Application of fast analytical approach and AI optimization techniques to hydraulic fracture stage placement in shale gas reservoirs

Abstract

In the last decades, natural gas from unconventional reservoirs has become a major portion of total gas supply due to advances in horizontal well drilling and multi-stage hydraulic fracturing as well as reduction of operational costs and capital expenditures. However, hydraulic fracturing technique is a still costly and resource intensive production strategy that requires optimal planning to conform to the best safety practices and to obtain the highest returns on investments. Thus, the proposed fast and reliable hydraulic fracture (HF) placement optimization technique based on physics and analytical equations is the key tool to balance between gas production costs and anticipated revenues.In this study, we develop an analytical model in which the modified Wattenbarger slab model with the pseudo-pressure approach are integrated into the Net Present Value (NPV) as the objective function.
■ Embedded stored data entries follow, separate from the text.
lemma out_nbs_image_cases: "r \<noteq> 4 \<Longrightarrow> v \<in> V \<Longrightarrow> g ` out_nbs v = out_nbs (g v) \<or> g ` out_nbs v = in_nbs (g v)"
proof -
  assume r4: "r \<noteq> 4" and v: "v \<in> V"
  have o0: "out_nb v 0 \<in> V" and o1: "out_nb v 1 \<in> V" using out_nb_PXV[OF v] by auto
  have n0: "g (out_nb v 0) \<in> nbs (g v)" and n1: "g (out_nb v 1) \<in> nbs (g v)"
    using nbs_image[OF v] nbs_eq[OF v] by (auto simp: out_nbs_def)
  have ne: "g (out_nb v 0) \<noteq> g (out_nb v 1)" using g_eq[OF o0 o1] out_nb_neq[OF v] by simp
  have "twins (out_nb v 0) (out_nb v 1)"
    using twins_iff[OF r4 v, of "out_nb v 0" "out_nb v 1"] out_nb_neq[OF v] nbs_eq[OF v] by (auto simp: out_nbs_def)
  then have "twins (g (out_nb v 0)) (g (out_nb v 1))" using twins_image[OF o0 o1] by simp
  then have cases: "(g (out_nb v 0) \<in> out_nbs (g v) \<and> g (out_nb v 1) \<in> out_nbs (g v)) \<or>
     (g (out_nb v 0) \<in> in_nbs (g v) \<and> g (out_nb v 1) \<in> in_nbs (g v))"
    using twins_iff[OF r4 g_PXV[OF v] n0 n1 ne] by simp
  have im: "g ` out_nbs v = {g (out_nb v 0), g (out_nb v 1)}" by (simp add: out_nbs_def)
  have c2: "card (g ` out_nbs v) = 2" using im ne by simp
  show ?thesis
  proof (cases "g (out_nb v 0) \<in> out_nbs (g v) \<and> g (out_nb v 1) \<in> out_nbs (g v)")
    case True
    then have "g ` out_nbs v \<subseteq> out_nbs (g v)" using im by simp
    then have "g ` out_nbs v = out_nbs (g v)" using card_subset_eq[of "out_nbs (g v)"] c2 card_out_nbs[OF g_PXV[OF v]]
      by (simp add: out_nbs_def)
    then show ?thesis by simp
  next
    case False
    then have "g ` out_nbs v \<subseteq> in_nbs (g v)" using cases unfolding im by blast
    then have "g ` out_nbs v = in_nbs (g v)" using card_subset_eq[of "in_nbs (g v)"] c2 card_in_nbs
      by (simp add: in_nbs_def)
    then show ?thesis by simp
  qed
qed

lemma nbs_image_cases:
  assumes r4: "r \<noteq> 4" and v: "v \<in> V"
  shows "g ` out_nbs v = out_nbs (g v) \<and> g ` in_nbs v = in_nbs (g v)
    \<or> g ` out_nbs v = in_nbs (g v) \<and> g ` in_nbs v = out_nbs (g v)"
proof -
  have complement1: "B = D" if "A \<union> B = C \<union> D" "A \<inter> B = {}" "C \<inter> D = {}" "A = C"
    for A B C D :: "(nat \<times> nat) list set"
    using that by blast
  have complement2: "B = C" if "A \<union> B = C \<union> D" "A \<inter> B = {}" "C \<inter> D = {}" "A = D"
    for A B C D :: "(nat \<times> nat) list set"
    using that by blast
  have un: "g ` out_nbs v \<union> g ` in_nbs v = out_nbs (g v) \<union> in_nbs (g v)"
    using nbs_image[OF v] nbs_eq[OF v] nbs_eq[OF g_PXV[OF v]] by (simp add: image_Un)
  have d1: "g ` out_nbs v \<inter> g ` in_nbs v = {}"
    using inj_on_image_Int[OF g_inj out_nbs_PXV[OF v] in_nbs_PXV[OF v]] out_in_nbs_disjoint[OF v] by simp
  have d2: "out_nbs (g v) \<inter> in_nbs (g v) = {}" using out_in_nbs_disjoint[OF g_PXV[OF v]] .
  from out_nbs_image_cases[OF r4 v] show ?thesis
  proof
    assume h: "g ` out_nbs v = out_nbs (g v)"
    have "g ` in_nbs v = in_nbs (g v)"
      using un d1 d2 h by (rule complement1)
    with h show ?thesis by (rule disjI1[OF conjI])
  next
    assume h: "g ` out_nbs v = in_nbs (g v)"
    have "g ` in_nbs v = out_nbs (g v)"
      using un d1 d2 h by (rule complement2)
    with h show ?thesis by (rule disjI2[OF conjI])
  qed
qed

definition keeps_orientation where "keeps_orientation v \<longleftrightarrow> g ` out_nbs v = out_nbs (g v)"

lemma in_nbs_image_if_keeps:
  assumes "r \<noteq> 4" "v \<in> V" "keeps_orientation v"
  shows "g ` in_nbs v = in_nbs (g v)"
  using nbs_image_cases[OF assms(1,2)]
proof
  assume "g ` out_nbs v = in_nbs (g v) \<and> g ` in_nbs v = out_nbs (g v)"
  then have "out_nbs (g v) = in_nbs (g v)" using assms(3) unfolding keeps_orientation_def by metis
  moreover have "out_nbs (g v) \<noteq> in_nbs (g v)"
    using out_in_nbs_disjoint[OF g_PXV[OF assms(2)]] by (auto simp: out_nbs_def)
  ultimately show ?thesis by contradiction
qed simp

lemma nbs_image_if_not_keeps:
  assumes "r \<noteq> 4" "v \<in> V" "\<not> keeps_orientation v"
  shows "g ` out_nbs v = in_nbs (g v) \<and> g ` in_nbs v = out_nbs (g v)"
  using nbs_image_cases[OF assms(1,2)] assms(3) unfolding keeps_orientation_def by (elim disjE) simp_all

lemma keeps_orientation_PXarc: "r \<noteq> 4 \<Longrightarrow> PXarc r s v u \<Longrightarrow> keeps_orientation v = keeps_orientation u"
proof -
  assume r4: "r \<noteq> 4" and a: "PXarc r s v u"
  have v: "v \<in> V" and u: "u \<in> V" using PXarc_PXV1[OF a] PXarc_PXV2[OF a] .
  have uo: "u \<in> out_nbs v" using mem_out_nbs_iff[OF v] a by simp
  have vi: "v \<in> in_nbs u" using mem_in_nbs_iff[OF u] a by simp
  show ?thesis
  proof
    assume pv: "keeps_orientation v"
    then have "g u \<in> out_nbs (g v)" using uo by (auto simp: keeps_orientation_def)
    then have a1: "PXarc r s (g v) (g u)" using mem_out_nbs_iff[OF g_PXV[OF v]] by simp
    show "keeps_orientation u"
    proof (rule ccontr)
      assume "\<not> keeps_orientation u"
      then have "g v \<in> out_nbs (g u)" using nbs_image_if_not_keeps[OF r4 u] vi by blast
      then have "PXarc r s (g u) (g v)" using mem_out_nbs_iff[OF g_PXV[OF u]] by simp
      then show False using PXarc_asym a1 by blast
    qed
  next
    assume pu: "keeps_orientation u"
    show "keeps_orientation v"
    proof (rule ccontr)
      assume "\<not> keeps_orientation v"
      then have "g u \<in> in_nbs (g v)" using nbs_image_if_not_keeps[OF r4 v] uo by blast
      then have a1: "PXarc r s (g u) (g v)" using mem_in_nbs_iff[OF g_PXV[OF v]] by simp
      have "g v \<in> in_nbs (g u)" using in_nbs_image_if_keeps[OF r4 u pu] vi by blast
      then have "PXarc r s (g v) (g u)" using mem_in_nbs_iff[OF g_PXV[OF u]] by simp
      then show False using PXarc_asym a1 by blast
    qed
  qed
qed

lemma keeps_orientation_const: "r \<noteq> 4 \<Longrightarrow> v \<in> V \<Longrightarrow> w \<in> V \<Longrightarrow> keeps_orientation v = keeps_orientation w"
  using PXarc_invariant_const[of keeps_orientation v w] keeps_orientation_PXarc by blast

lemma g_preserves_arcs: "r \<noteq> 4 \<Longrightarrow> v \<in> V \<Longrightarrow> keeps_orientation v \<Longrightarrow> PXarc r s a b \<Longrightarrow> PXarc r s (g a) (g b)"
proof -
  assume r4: "r \<noteq> 4" and v: "v \<in> V" and p: "keeps_orientation v" and ab: "PXarc r s a b"
  have a: "a \<in> V" using PXarc_PXV1[OF ab] .
  have pa: "keeps_orientation a" using keeps_orientation_const[OF r4 v a] p by simp
  have "b \<in> out_nbs a" using mem_out_nbs_iff[OF a] ab by simp
  then have "g b \<in> out_nbs (g a)" using pa by (auto simp: keeps_orientation_def)
  then show ?thesis using mem_out_nbs_iff[OF g_PXV[OF a]] by simp
qed

lemma g_reverses_arcs: "r \<noteq> 4 \<Longrightarrow> v \<in> V \<Longrightarrow> \<not> keeps_orientation v \<Longrightarrow> PXarc r s a b \<Longrightarrow> PXarc r s (g b) (g a)"
proof -
  assume r4: "r \<noteq> 4" and v: "v \<in> V" and p: "\<not> keeps_orientation v" and ab: "PXarc r s a b"
  have a: "a \<in> V" using PXarc_PXV1[OF ab] .
  have pa: "\<not> keeps_orientation a" using keeps_orientation_const[OF r4 v a] p by simp
  have "b \<in> out_nbs a" using mem_out_nbs_iff[OF a] ab by simp
  then have "g b \<in> in_nbs (g a)" using nbs_image_if_not_keeps[OF r4 a pa] by blast
  then show ?thesis using mem_in_nbs_iff[OF g_PXV[OF a]] by simp
qed

lemma layer_shift: "(\<And>a b. PXarc r s a b \<Longrightarrow> PXarc r s (g a) (g b)) \<Longrightarrow> v0 \<in> V \<Longrightarrow>
   \<exists>d<r. \<forall>v\<in>V. layer (g v) = (layer v + d) mod r"
proof -
  assume h: "\<And>a b. PXarc r s a b \<Longrightarrow> PXarc r s (g a) (g b)" and v0: "v0 \<in> V"
  define d where "d = (layer (g v0) + (r - layer v0)) mod r"
  define P where "P v \<longleftrightarrow> layer (g v) = (layer v + d) mod r" for v
  have "P v0"
  proof -
    have "(layer v0 + d) mod r = (layer v0 + (layer (g v0) + (r - layer v0))) mod r"
      unfolding d_def by (simp add: mod_add_right_eq)
    also have "layer v0 + (layer (g v0) + (r - layer v0)) = layer (g v0) + r" using layer_less[OF v0] by simp
    finally show ?thesis unfolding P_def using layer_less[OF g_PXV[OF v0]] by simp
  qed
  have step: "P a = P b" if ab: "PXarc r s a b" for a b
  proof -
    have a: "a \<in> V" using PXarc_PXV1[OF ab] .
    have lb: "layer b = (layer a + 1) mod r" using layer_PXarc[OF ab] .
    have lgb: "layer (g b) = (layer (g a) + 1) mod r" using layer_PXarc[OF h[OF ab]] .
    have r1: "((layer a + 1) mod r + d) mod r = (1 + (layer a + d)) mod r"
      by (subst mod_add_left_eq) (simp add: ac_simps)
    have "P b \<longleftrightarrow> (1 + layer (g a)) mod r = (1 + (layer a + d)) mod r"
      unfolding P_def lb lgb r1 by (simp add: ac_simps)
    also have "\<dots> \<longleftrightarrow> layer (g a) mod r = (layer a + d) mod r" by (rule mod_add_left_cancel_nat)
    also have "\<dots> \<longleftrightarrow> P a" unfolding P_def using layer_less[OF g_PXV[OF a]] by simp
    finally show ?thesis by simp
  qed
  have "\<forall>v\<in>V. P v" using PXarc_invariant_const[of P v0] step \<open>P v0\<close> v0 by blast
  moreover have "d < r" unfolding d_def using r_ge_3 by simp
  ultimately show ?thesis unfolding P_def by blast
qed

lemma layer_sum_const: "(\<And>a b. PXarc r s a b \<Longrightarrow> PXarc r s (g b) (g a)) \<Longrightarrow> v \<in> V \<Longrightarrow> w \<in> V \<Longrightarrow>
   (layer (g v) + layer v) mod r = (layer (g w) + layer w) mod r"
proof -
  assume h: "\<And>a b. PXarc r s a b \<Longrightarrow> PXarc r s (g b) (g a)" and v: "v \<in> V" and w: "w \<in> V"
  have step: "(layer (g a) + layer a) mod r = (layer (g b) + layer b) mod r" if ab: "PXarc r s a b" for a b
  proof -
    have lb: "layer b = (layer a + 1) mod r" using layer_PXarc[OF ab] .
    have lga: "layer (g a) = (layer (g b) + 1) mod r" using layer_PXarc[OF h[OF ab]] .
    have "(layer (g a) + layer a) mod r = (layer (g b) + 1 + layer a) mod r" unfolding lga by (simp add: mod_add_left_eq)
    also have "\<dots> = (layer (g b) + (layer a + 1)) mod r" by (simp add: ac_simps)
    also have "\<dots> = (layer (g b) + layer b) mod r" unfolding lb by (simp add: mod_add_right_eq)
    finally show ?thesis .
  qed
  show ?thesis using PXarc_invariant_const[of "\<lambda>v. (layer (g v) + layer v) mod r" v w] step v w by blast
qed

definition fixed_edges where "fixed_edges = {e \<in> PXE r s. g ` e = e}"

lemma fixed_edge_cases: "e \<in> fixed_edges \<Longrightarrow> \<exists>a b. PXarc r s a b \<and> e = {a, b} \<and> ((g a = a \<and> g b = b) \<or> (g a = b \<and> g b = a))"
proof -
  assume "e \<in> fixed_edges"
  then have e: "e \<in> PXE r s" and ge: "g ` e = e" by (auto simp: fixed_edges_def)
  then obtain a c where a: "a \<in> V" "c \<in> {0,1}" "e = {a, out_nb a c}" using PXE_eq_arc_image by auto
  have ab: "PXarc r s a (out_nb a c)" unfolding PXarc_iff_out_nb using a by (intro conjI exI[where x=c]) auto
  have "{g a, g (out_nb a c)} = {a, out_nb a c}" using ge a(3) by simp
  then have "(g a = a \<and> g (out_nb a c) = out_nb a c) \<or> (g a = out_nb a c \<and> g (out_nb a c) = a)"
    by (auto simp: doubleton_eq_iff)
  then show ?thesis using ab a(3) by blast
qed

lemma fixed_edges_empty_if_rotation: "0 < d \<Longrightarrow> d < r \<Longrightarrow> \<forall>v\<in>V. layer (g v) = (layer v + d) mod r \<Longrightarrow> fixed_edges = {}"
proof (rule ccontr)
  assume d: "0 < d" "d < r" and h: "\<forall>v\<in>V. layer (g v) = (layer v + d) mod r" and ne: "fixed_edges \<noteq> {}"
  then obtain e where "e \<in> fixed_edges" by blast
  then obtain a b where ab: "PXarc r s a b" and c: "(g a = a \<and> g b = b) \<or> (g a = b \<and> g b = a)"
    using fixed_edge_cases by blast
  have a: "a \<in> V" and b: "b \<in> V" using PXarc_PXV1[OF ab] PXarc_PXV2[OF ab] by auto
  have la: "layer a < r" using layer_less[OF a] .
  have lb: "layer b = (layer a + 1) mod r" using layer_PXarc[OF ab] .
  show False using c
  proof
    assume "g a = a \<and> g b = b"
    then have "(layer a + d) mod r = layer a" using h a by metis
    then have "d mod r = 0" using add_mod_eq_self_iff[OF la] by blast
    then show False using d by simp
  next
    assume gg: "g a = b \<and> g b = a"
    then have "(layer a + d) mod r = (layer a + 1) mod r" using h a lb by metis
    then have "d mod r = 1 mod r" using mod_add_left_cancel_nat by blast
    then have d1: "d = 1" using d r_ge_3 by simp
    have "layer a = (layer b + 1) mod r" using h b gg d1 by metis
    also have "\<dots> = (layer a + 2) mod r" unfolding lb by (simp add: mod_Suc_eq)
    finally show False using layer_neq_plus_2[OF la] by simp
  qed
qed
We consider four decision variables including number of HF stages, HF spacing, HF half-length, and wellbore spacing and use three stochastic gradient-free optimization methods (i.e., genetic algorithm (GA), differential evolution (DE), and particle swarm optimization (PSO)) to optimize the objective function on a synthetic shale gas reservoir model with the Barnett Shale properties. To verify the accuracy of the obtained optimal solutions, we conduct four trials for each stochastic optimization method with 100 generations and the population size of 20. The results show that the best overall value of the NPV found by PSO are 1.7% and 7.6% higher than those obtained by DE and GA, respectively. Moreover, PSO has the fastest convergence rate (in 50 generations), saves at least 10% of the computational time in comparison to those required by other methods, and results in the same optimal solution in all trials. Finally, considering bilinear flow at the early stages of the production period, nonlinear flow at the late production time, and gravitational effects in the analytical model are still open areas for future research in this field.